▶ _Material provided_
==*==

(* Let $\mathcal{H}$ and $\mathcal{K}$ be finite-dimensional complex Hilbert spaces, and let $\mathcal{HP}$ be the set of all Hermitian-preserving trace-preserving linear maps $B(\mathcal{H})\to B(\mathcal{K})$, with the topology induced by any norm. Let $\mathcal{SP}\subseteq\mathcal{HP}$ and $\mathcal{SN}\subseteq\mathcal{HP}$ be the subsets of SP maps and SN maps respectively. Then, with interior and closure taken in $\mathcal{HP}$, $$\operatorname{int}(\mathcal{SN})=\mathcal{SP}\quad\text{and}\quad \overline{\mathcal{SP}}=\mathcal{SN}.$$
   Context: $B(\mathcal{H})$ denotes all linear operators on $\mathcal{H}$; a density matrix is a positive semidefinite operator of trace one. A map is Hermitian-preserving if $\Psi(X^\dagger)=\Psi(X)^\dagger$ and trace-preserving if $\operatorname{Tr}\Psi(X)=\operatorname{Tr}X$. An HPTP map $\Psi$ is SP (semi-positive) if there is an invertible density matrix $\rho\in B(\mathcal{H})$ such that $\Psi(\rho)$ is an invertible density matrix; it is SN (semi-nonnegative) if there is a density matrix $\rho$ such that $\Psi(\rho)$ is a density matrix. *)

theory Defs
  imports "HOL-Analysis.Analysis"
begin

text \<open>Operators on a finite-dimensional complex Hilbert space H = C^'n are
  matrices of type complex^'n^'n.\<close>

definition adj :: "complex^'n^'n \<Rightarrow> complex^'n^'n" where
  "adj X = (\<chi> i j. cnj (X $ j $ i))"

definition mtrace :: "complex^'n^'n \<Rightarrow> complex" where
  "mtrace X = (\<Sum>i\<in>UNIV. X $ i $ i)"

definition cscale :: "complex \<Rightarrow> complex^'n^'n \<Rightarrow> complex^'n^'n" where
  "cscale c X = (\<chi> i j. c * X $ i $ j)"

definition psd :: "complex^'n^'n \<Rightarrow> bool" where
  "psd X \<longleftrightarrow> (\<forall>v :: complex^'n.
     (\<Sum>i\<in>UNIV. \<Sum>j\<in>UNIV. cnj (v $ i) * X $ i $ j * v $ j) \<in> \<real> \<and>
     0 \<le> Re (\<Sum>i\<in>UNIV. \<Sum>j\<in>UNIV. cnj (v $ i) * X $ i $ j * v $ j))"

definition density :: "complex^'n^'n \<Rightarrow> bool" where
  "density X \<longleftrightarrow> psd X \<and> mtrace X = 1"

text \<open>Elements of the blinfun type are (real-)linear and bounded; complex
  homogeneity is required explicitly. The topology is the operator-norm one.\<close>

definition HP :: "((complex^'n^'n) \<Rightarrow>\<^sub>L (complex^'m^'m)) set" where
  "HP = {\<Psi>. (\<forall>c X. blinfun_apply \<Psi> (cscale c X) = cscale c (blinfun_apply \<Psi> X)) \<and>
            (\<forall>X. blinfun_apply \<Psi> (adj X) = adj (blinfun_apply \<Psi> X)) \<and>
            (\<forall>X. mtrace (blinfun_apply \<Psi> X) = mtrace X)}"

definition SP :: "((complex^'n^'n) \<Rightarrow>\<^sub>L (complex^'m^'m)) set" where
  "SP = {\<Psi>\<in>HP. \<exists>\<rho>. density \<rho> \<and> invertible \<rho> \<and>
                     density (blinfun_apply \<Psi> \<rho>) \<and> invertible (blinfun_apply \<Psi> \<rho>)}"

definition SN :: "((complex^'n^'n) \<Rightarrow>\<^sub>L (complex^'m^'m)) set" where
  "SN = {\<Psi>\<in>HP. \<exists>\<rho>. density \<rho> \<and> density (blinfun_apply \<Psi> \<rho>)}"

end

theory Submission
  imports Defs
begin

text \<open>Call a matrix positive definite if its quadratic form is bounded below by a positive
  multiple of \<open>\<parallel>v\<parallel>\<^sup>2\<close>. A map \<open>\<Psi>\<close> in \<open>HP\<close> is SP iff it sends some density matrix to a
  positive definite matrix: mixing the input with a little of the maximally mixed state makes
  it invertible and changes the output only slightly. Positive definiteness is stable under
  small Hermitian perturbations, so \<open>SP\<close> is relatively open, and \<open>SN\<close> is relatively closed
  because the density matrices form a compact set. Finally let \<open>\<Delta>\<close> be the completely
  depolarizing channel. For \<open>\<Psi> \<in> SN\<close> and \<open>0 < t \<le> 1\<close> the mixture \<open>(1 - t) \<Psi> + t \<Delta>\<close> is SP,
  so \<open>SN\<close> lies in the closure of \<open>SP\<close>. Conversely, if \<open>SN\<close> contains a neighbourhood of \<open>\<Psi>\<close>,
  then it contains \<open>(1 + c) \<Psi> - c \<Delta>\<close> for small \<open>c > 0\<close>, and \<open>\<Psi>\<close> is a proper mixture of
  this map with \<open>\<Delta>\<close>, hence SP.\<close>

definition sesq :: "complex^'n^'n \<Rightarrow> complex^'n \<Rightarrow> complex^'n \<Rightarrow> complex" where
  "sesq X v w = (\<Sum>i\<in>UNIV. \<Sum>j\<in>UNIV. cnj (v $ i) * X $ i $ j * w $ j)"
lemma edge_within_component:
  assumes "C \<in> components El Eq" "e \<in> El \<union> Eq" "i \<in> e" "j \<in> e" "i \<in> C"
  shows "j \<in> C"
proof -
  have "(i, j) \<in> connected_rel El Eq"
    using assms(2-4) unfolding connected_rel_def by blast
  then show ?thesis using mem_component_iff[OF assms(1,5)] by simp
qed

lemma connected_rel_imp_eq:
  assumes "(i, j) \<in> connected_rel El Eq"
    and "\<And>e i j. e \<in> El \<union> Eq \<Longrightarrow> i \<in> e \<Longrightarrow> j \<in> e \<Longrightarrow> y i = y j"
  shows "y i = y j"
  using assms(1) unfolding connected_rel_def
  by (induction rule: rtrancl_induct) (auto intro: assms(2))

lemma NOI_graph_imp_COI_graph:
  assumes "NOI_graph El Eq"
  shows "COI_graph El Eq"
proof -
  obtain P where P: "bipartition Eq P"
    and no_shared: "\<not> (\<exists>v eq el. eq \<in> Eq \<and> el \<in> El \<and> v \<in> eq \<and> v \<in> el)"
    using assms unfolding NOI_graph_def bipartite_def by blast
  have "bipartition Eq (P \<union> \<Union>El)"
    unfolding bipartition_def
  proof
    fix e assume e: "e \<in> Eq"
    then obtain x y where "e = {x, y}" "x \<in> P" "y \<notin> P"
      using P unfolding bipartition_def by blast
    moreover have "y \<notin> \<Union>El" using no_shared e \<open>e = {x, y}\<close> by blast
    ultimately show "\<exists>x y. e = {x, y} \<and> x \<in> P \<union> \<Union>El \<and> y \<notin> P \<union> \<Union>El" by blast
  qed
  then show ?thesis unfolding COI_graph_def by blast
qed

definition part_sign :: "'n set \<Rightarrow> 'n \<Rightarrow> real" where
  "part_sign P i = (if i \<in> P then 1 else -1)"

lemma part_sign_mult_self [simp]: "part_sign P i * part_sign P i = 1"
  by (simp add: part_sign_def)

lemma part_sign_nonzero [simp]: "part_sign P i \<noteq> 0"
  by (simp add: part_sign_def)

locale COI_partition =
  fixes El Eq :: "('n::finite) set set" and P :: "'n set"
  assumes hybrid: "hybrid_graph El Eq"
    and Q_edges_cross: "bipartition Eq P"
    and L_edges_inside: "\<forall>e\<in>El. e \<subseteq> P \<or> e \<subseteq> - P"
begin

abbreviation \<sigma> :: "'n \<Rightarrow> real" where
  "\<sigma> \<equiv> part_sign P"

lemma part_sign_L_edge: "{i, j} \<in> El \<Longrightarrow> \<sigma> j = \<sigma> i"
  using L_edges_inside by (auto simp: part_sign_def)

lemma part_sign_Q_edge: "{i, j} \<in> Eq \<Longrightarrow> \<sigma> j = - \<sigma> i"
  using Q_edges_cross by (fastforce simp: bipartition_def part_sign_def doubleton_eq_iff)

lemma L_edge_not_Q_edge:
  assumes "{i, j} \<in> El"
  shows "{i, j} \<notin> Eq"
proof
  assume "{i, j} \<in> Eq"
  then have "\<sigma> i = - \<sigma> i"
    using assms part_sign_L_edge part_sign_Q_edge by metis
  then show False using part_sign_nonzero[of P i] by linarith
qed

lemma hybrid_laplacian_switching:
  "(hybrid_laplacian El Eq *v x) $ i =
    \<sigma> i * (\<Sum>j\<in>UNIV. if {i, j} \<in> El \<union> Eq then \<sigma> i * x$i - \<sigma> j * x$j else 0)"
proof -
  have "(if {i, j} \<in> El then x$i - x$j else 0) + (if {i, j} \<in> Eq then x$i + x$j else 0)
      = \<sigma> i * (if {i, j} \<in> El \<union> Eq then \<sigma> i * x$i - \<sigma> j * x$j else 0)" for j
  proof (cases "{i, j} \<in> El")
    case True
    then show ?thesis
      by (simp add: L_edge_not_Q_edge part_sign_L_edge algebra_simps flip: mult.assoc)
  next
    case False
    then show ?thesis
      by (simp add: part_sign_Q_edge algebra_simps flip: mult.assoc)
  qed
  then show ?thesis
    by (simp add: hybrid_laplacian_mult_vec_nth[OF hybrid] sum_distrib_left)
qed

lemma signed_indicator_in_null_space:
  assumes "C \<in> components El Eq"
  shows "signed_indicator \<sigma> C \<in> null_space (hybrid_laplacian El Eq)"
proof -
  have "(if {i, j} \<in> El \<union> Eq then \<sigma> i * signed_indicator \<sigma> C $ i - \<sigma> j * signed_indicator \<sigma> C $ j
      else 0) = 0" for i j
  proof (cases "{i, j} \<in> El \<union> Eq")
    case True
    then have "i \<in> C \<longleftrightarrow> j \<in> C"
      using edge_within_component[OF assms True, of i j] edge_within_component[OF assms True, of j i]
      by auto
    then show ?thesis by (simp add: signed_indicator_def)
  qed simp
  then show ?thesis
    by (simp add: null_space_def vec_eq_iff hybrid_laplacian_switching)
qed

==*==

▶ _To do_
At the line with "using edge_within_component[OF assms", begin reproducing the material above exactly, and continue through its last line.

▶ _Response area_
      using edge_within_component[OF assms True, of i j] edge_within_component[OF assms True, of j i]
      by auto
    then show ?thesis by (simp add: signed_indicator_def)
  qed simp
  then show ?thesis
    by (simp add: null_space_def vec_eq_iff hybrid_laplacian_switching)
qed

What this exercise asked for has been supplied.